EXERCISE
Of all the lines in these entries, count those that contain "open" and give only the total.

◇ ◇ ◇ ◇ ◇

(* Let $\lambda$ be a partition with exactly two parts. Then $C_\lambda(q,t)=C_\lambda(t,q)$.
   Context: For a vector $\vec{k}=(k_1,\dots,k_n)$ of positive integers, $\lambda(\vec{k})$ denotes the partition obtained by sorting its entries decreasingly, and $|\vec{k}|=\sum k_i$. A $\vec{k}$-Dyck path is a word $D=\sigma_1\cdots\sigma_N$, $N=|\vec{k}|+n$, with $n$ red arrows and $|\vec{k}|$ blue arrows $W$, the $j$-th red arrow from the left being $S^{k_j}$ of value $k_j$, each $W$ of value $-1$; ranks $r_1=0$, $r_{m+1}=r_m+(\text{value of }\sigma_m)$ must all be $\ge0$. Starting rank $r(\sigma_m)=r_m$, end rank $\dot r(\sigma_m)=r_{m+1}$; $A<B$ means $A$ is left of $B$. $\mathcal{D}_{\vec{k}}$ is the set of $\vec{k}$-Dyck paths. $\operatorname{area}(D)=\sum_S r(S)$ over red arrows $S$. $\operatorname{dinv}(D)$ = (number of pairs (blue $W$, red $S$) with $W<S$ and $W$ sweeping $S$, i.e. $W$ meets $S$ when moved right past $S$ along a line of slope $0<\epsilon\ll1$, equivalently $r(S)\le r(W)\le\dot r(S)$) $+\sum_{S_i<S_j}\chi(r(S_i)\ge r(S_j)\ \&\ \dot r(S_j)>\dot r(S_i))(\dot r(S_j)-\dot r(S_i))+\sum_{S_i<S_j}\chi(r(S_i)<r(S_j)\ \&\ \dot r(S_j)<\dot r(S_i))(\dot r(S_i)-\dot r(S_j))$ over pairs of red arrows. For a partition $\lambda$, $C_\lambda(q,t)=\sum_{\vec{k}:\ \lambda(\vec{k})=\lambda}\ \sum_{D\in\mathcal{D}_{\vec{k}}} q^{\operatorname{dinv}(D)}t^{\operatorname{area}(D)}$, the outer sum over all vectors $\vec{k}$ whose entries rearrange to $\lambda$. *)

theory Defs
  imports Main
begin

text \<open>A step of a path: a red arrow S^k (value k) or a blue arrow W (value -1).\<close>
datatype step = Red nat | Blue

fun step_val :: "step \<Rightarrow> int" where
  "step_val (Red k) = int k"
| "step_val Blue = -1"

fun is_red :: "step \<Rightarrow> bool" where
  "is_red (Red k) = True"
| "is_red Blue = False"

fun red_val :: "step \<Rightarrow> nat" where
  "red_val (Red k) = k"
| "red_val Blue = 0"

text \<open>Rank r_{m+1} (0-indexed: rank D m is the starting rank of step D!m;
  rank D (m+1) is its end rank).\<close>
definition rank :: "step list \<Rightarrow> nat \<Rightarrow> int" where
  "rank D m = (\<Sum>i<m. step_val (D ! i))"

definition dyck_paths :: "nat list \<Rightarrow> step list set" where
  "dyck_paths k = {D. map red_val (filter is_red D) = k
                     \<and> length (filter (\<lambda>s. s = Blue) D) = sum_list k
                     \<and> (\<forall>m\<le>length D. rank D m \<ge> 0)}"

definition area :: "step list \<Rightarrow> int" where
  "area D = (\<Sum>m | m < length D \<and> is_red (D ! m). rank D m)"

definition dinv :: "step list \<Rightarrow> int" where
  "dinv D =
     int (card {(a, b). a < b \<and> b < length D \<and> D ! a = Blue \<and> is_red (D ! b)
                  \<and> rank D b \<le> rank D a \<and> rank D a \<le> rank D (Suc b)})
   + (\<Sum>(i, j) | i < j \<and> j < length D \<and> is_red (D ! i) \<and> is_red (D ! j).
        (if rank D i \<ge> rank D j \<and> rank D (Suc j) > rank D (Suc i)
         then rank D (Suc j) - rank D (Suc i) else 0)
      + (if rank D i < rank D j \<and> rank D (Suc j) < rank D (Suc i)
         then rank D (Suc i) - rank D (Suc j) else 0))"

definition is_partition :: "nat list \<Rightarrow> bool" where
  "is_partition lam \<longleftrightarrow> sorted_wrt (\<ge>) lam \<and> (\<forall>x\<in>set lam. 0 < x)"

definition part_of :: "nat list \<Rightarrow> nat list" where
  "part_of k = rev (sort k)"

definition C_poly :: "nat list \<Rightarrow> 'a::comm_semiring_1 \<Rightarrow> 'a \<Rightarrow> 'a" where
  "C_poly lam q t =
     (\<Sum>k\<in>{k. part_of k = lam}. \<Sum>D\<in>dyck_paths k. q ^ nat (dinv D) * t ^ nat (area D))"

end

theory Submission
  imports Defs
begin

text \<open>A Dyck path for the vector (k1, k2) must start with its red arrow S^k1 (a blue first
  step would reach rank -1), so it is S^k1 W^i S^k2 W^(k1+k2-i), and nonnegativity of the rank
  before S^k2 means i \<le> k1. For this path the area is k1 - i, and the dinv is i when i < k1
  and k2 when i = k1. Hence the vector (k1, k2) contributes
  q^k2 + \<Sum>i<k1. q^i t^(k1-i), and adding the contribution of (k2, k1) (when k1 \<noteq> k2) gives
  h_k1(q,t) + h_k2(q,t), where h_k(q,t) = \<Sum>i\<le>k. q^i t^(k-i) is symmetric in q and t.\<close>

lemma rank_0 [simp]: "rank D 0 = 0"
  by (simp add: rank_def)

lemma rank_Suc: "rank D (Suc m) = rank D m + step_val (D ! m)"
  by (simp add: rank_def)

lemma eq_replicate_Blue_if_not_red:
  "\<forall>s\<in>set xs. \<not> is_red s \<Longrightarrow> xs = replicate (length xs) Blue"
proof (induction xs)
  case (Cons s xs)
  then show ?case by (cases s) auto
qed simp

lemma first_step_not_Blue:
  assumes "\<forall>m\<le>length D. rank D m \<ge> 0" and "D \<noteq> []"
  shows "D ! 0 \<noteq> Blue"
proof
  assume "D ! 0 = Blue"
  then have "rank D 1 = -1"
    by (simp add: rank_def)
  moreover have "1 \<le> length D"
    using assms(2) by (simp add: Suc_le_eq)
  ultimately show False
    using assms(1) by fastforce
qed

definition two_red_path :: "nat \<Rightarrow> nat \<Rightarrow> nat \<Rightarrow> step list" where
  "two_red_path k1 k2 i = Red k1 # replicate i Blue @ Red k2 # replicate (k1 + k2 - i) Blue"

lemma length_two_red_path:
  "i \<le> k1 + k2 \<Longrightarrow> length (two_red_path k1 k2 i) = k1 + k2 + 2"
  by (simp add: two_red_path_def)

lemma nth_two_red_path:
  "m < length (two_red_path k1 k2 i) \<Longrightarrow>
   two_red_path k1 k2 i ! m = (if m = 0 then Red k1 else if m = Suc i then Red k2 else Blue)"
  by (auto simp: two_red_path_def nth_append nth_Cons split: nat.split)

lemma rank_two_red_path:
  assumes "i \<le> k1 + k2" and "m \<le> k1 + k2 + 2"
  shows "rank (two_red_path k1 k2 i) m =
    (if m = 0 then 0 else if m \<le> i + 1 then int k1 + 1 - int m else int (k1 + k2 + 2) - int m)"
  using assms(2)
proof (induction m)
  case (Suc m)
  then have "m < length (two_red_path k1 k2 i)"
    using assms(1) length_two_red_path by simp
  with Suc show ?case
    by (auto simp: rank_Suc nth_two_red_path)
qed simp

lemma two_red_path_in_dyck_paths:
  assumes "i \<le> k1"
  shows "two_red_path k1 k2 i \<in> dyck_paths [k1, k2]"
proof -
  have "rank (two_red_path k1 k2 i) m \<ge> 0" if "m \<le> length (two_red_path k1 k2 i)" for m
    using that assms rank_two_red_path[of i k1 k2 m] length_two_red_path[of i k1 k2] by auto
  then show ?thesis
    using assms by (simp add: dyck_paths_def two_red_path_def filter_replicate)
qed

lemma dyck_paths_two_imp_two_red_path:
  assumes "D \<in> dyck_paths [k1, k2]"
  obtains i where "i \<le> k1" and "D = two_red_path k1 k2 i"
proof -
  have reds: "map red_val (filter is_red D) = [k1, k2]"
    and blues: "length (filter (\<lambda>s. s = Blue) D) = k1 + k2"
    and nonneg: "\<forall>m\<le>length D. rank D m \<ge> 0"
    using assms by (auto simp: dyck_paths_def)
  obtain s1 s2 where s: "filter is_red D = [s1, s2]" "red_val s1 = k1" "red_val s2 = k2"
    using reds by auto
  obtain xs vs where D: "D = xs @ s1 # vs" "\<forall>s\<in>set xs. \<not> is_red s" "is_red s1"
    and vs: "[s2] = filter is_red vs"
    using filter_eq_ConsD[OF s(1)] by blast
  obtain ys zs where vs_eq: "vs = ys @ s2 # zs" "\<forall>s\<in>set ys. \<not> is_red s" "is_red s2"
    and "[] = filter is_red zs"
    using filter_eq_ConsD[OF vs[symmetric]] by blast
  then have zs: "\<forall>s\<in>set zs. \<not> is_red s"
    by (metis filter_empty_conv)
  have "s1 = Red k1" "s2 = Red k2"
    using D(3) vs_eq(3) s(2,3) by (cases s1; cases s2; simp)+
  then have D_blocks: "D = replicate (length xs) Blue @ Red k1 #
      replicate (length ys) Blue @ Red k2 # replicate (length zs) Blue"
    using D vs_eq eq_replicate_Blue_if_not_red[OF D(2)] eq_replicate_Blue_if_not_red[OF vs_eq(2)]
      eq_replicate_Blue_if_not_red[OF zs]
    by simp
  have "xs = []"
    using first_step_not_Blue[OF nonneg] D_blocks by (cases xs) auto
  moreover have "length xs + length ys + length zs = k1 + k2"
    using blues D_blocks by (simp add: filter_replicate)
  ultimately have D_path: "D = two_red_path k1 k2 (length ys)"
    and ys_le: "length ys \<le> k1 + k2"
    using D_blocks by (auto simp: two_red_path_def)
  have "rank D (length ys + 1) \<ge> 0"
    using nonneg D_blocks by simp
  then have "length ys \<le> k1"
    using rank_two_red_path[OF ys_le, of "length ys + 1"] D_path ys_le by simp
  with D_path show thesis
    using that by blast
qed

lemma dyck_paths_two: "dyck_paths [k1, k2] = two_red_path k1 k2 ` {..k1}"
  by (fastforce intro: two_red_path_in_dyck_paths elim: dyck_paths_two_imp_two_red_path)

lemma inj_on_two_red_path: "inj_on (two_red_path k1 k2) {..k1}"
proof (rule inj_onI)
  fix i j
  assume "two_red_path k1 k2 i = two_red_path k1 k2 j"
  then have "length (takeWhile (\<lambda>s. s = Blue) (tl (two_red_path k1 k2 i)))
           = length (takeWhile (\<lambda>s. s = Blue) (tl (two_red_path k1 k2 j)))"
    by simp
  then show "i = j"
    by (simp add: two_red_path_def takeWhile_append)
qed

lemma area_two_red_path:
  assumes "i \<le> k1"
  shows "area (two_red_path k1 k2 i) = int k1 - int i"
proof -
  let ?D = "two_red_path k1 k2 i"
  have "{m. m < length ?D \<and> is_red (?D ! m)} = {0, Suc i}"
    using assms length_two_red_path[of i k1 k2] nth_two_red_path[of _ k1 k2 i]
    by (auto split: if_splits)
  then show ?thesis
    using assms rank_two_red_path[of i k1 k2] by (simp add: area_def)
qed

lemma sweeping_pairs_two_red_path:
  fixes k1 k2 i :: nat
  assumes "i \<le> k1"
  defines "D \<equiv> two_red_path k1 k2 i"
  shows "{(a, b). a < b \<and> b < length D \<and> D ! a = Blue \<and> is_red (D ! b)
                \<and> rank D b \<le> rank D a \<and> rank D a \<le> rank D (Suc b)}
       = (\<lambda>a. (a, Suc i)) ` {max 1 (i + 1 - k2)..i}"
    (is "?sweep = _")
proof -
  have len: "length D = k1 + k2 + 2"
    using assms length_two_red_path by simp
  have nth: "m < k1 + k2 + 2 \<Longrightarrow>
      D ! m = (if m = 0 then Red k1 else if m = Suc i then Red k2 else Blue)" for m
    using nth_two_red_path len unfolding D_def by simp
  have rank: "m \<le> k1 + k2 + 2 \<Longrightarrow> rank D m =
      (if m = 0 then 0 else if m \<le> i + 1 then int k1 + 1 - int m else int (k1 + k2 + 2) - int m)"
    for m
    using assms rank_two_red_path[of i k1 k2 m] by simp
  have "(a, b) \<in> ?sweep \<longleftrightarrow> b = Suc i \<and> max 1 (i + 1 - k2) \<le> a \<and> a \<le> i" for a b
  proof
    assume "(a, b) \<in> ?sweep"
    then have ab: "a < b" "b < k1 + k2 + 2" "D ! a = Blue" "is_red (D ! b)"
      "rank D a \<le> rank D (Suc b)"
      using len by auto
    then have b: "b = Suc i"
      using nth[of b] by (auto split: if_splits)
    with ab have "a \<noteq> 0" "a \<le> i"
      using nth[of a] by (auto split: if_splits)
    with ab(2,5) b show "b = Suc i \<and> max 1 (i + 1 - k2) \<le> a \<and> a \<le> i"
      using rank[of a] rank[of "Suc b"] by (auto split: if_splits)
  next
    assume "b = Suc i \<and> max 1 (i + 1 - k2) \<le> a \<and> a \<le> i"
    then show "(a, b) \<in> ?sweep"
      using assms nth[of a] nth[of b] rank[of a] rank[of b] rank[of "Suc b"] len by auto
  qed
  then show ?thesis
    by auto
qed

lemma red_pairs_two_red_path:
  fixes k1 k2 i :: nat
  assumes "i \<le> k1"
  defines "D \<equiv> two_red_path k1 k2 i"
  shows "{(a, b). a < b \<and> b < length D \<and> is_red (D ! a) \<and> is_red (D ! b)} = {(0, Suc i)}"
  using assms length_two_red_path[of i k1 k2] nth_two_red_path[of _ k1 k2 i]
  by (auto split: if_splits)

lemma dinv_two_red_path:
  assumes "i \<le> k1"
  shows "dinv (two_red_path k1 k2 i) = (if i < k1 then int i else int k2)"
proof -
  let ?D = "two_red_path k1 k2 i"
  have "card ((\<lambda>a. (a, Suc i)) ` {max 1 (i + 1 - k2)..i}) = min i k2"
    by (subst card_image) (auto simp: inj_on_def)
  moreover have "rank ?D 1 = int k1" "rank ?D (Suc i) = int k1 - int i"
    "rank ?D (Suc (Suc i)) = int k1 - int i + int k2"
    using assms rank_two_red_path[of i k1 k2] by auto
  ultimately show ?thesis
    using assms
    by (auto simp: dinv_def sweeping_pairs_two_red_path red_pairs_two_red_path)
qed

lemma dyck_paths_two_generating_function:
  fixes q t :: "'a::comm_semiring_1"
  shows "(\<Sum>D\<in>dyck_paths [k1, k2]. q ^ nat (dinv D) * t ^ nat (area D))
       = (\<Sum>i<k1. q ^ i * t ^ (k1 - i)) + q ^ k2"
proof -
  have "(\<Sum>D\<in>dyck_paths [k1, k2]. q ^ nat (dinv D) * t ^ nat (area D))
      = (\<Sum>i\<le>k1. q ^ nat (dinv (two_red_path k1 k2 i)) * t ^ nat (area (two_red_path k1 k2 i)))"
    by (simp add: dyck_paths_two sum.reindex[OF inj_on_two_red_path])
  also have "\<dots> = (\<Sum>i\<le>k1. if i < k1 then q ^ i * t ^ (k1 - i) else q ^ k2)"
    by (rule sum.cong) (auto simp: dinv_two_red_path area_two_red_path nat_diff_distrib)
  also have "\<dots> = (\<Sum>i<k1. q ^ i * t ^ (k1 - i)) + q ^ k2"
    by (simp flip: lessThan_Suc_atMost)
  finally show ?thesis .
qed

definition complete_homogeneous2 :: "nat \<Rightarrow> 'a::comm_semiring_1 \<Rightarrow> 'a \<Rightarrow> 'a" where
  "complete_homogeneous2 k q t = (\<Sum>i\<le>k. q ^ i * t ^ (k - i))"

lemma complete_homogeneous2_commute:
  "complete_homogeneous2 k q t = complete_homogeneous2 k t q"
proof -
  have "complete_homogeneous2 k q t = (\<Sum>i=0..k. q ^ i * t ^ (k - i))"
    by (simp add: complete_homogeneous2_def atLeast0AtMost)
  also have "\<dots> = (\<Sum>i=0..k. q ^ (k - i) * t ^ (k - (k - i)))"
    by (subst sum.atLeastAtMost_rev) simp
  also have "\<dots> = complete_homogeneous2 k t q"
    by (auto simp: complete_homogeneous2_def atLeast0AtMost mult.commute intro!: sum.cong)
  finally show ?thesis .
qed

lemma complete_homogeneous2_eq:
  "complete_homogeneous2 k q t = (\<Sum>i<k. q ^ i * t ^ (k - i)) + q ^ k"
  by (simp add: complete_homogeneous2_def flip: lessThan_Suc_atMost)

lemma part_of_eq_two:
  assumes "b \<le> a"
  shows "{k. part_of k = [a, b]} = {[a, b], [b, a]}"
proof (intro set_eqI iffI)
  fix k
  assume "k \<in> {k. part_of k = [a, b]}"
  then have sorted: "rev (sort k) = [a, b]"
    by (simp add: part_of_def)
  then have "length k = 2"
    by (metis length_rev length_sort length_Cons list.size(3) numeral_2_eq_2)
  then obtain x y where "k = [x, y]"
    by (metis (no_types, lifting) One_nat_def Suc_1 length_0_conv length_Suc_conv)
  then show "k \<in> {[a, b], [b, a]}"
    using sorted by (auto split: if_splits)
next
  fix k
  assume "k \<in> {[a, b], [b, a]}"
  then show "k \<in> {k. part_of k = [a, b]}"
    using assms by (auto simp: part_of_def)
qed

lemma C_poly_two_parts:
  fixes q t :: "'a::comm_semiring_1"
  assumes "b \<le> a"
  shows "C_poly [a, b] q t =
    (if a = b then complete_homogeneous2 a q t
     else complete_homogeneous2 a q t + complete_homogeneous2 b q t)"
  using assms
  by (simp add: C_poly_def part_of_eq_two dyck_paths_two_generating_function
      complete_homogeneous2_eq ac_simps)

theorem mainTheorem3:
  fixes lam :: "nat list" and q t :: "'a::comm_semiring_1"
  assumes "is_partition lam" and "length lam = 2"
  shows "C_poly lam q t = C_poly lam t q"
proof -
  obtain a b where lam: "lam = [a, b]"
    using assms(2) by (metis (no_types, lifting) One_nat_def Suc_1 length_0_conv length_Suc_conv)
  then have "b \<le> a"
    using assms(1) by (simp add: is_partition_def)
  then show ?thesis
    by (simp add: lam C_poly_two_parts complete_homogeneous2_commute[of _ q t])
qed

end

◇ ◇ ◇ ◇ ◇

RESULT
3